__Dataset records__.

________________

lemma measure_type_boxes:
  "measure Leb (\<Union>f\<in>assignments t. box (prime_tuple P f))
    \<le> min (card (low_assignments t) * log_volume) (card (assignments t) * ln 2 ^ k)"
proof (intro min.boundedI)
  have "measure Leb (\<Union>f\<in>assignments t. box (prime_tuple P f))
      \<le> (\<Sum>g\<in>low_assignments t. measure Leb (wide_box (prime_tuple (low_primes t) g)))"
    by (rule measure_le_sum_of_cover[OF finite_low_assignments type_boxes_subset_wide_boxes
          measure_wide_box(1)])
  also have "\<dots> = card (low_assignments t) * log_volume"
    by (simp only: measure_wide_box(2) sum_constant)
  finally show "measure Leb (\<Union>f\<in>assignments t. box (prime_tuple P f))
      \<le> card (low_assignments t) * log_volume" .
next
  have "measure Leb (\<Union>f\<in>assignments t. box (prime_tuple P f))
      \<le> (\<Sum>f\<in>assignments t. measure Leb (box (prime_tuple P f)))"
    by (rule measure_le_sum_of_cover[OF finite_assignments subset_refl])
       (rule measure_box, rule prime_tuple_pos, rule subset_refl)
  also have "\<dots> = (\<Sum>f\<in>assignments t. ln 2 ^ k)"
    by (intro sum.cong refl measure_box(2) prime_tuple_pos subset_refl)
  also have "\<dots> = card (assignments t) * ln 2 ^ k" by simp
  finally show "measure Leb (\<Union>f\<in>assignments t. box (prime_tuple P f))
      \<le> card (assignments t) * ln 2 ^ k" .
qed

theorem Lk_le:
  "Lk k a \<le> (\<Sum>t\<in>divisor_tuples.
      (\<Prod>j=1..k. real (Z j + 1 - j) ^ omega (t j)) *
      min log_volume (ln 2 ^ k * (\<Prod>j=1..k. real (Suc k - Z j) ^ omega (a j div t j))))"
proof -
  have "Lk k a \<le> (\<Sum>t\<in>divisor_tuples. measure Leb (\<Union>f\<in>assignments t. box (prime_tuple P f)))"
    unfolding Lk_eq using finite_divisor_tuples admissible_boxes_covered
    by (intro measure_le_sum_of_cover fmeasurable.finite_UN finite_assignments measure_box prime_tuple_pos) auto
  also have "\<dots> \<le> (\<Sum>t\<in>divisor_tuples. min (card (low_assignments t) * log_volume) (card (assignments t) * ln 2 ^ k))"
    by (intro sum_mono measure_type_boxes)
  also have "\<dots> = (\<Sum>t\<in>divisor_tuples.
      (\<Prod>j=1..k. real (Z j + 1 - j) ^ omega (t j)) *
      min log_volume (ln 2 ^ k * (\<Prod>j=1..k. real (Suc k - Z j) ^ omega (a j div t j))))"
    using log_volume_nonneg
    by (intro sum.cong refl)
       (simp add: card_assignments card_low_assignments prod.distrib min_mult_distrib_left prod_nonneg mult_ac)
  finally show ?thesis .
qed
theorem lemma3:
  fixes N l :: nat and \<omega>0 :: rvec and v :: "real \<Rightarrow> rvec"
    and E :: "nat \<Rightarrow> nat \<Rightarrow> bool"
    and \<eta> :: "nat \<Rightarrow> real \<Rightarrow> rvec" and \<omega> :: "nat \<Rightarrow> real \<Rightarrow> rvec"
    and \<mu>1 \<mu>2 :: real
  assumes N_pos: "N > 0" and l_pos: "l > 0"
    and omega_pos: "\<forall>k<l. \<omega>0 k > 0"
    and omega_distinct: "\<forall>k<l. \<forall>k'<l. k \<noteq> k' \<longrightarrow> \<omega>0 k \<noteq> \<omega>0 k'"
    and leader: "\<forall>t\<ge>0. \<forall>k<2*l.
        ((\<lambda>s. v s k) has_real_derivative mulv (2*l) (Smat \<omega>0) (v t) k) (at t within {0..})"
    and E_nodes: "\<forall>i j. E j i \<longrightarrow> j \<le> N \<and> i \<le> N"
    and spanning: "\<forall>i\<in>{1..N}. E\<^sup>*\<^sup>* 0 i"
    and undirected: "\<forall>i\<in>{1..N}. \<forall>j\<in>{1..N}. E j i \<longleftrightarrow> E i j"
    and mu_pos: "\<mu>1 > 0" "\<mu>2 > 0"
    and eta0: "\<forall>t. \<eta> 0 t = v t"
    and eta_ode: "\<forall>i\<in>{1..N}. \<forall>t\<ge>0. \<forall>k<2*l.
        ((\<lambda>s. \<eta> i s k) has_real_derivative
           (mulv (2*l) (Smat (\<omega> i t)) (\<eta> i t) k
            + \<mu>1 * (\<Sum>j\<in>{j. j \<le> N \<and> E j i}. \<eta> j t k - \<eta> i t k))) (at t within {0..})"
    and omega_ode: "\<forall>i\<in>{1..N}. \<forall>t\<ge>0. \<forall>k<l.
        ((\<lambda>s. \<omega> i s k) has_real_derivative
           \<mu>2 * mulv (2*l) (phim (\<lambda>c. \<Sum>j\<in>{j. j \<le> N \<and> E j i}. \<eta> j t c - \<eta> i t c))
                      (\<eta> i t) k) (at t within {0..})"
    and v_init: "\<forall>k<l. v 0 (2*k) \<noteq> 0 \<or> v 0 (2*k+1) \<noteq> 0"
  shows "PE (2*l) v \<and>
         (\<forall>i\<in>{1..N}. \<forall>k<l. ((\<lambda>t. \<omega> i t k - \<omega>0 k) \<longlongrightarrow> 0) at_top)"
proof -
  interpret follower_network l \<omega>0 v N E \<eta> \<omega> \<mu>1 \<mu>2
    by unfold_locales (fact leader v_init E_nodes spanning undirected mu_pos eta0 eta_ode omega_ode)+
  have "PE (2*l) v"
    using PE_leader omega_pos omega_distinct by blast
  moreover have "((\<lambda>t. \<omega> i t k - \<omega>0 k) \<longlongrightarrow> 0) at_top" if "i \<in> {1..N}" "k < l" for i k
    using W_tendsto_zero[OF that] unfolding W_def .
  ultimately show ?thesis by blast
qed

________________

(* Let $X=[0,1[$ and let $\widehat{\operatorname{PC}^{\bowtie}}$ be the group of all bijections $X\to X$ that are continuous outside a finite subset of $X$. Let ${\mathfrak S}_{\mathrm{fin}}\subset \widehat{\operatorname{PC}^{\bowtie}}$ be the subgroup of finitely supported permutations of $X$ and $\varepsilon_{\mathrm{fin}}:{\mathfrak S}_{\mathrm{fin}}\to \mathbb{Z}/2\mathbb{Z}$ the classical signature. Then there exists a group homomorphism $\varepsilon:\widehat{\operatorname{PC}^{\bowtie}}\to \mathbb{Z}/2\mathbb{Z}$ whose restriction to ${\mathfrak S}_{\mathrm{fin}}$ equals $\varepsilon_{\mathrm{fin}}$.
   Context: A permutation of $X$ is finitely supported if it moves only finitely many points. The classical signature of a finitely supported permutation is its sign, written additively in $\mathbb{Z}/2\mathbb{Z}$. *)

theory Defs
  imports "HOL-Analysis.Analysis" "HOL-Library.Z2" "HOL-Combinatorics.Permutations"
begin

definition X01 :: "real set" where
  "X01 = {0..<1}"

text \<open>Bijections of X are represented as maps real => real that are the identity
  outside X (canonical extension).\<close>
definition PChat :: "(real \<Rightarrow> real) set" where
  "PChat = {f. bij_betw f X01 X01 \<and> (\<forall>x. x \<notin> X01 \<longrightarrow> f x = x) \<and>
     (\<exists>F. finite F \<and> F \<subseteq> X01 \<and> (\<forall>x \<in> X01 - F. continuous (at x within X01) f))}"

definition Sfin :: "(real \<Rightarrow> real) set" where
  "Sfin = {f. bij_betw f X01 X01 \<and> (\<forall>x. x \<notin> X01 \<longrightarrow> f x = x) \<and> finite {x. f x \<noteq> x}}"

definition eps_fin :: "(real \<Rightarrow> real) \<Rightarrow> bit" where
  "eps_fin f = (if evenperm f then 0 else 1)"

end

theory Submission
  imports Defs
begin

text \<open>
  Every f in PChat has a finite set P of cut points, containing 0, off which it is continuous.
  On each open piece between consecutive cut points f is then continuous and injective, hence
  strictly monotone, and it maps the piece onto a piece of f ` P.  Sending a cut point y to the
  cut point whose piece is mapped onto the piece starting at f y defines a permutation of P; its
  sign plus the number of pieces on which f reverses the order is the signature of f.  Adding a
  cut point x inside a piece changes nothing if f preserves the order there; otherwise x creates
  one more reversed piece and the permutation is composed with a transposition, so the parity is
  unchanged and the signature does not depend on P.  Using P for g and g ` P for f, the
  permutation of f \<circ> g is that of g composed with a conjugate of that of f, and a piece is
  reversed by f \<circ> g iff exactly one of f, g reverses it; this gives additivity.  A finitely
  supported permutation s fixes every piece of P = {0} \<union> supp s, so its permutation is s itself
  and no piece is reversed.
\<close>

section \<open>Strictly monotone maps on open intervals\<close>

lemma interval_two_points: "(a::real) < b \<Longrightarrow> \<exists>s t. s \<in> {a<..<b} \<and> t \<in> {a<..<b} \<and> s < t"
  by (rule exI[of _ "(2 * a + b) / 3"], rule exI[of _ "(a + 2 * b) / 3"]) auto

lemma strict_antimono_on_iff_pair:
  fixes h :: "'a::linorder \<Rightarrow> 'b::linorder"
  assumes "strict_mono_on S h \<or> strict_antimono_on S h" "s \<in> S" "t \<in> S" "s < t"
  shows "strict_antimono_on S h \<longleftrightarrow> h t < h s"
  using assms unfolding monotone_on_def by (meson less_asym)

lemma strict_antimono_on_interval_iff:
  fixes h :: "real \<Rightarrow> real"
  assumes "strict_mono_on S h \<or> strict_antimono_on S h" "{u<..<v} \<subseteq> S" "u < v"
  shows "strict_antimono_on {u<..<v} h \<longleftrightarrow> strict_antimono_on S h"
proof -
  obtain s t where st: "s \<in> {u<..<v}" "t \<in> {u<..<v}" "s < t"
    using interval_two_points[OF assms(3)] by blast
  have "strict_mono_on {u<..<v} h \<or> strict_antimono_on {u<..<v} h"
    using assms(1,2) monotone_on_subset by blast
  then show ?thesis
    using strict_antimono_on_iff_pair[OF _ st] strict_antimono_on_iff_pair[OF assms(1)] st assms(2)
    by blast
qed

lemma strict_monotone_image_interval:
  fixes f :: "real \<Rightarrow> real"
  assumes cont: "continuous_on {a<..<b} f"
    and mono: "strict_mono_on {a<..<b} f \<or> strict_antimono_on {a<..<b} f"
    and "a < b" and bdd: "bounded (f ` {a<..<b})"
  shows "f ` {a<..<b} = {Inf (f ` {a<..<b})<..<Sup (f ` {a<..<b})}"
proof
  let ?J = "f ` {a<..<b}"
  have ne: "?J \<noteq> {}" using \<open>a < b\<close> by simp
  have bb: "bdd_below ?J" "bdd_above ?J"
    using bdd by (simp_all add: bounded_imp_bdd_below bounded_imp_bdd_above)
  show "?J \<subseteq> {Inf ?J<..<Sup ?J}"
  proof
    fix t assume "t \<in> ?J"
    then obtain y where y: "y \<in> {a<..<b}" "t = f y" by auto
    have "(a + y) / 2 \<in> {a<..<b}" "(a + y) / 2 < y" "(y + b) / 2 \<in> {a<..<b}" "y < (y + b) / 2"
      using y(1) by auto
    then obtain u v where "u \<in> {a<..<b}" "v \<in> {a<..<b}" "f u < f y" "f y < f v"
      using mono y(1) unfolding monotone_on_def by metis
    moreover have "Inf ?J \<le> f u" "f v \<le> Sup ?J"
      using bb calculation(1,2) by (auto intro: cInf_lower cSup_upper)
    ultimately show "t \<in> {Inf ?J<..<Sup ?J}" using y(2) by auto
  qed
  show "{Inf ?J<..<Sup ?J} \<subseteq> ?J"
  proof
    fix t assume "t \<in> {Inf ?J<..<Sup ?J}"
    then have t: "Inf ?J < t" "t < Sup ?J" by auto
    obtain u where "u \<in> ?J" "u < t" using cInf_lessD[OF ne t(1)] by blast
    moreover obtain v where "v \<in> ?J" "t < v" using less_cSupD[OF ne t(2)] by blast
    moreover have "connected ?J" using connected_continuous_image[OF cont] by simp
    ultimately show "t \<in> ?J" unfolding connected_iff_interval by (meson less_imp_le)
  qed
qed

________________

__TASK OBJECTIVE__. Out of the data above, transcribe exactly and only the lines starting with the line that has "((\<lambda>s. \<omega> i" and going on through the line that has "(2*l) v \<and>", both included.

__ANSWER SECTION__.
        ((\<lambda>s. \<omega> i s k) has_real_derivative
           \<mu>2 * mulv (2*l) (phim (\<lambda>c. \<Sum>j\<in>{j. j \<le> N \<and> E j i}. \<eta> j t c - \<eta> i t c))
                      (\<eta> i t) k) (at t within {0..})"
    and v_init: "\<forall>k<l. v 0 (2*k) \<noteq> 0 \<or> v 0 (2*k+1) \<noteq> 0"
  shows "PE (2*l) v \<and>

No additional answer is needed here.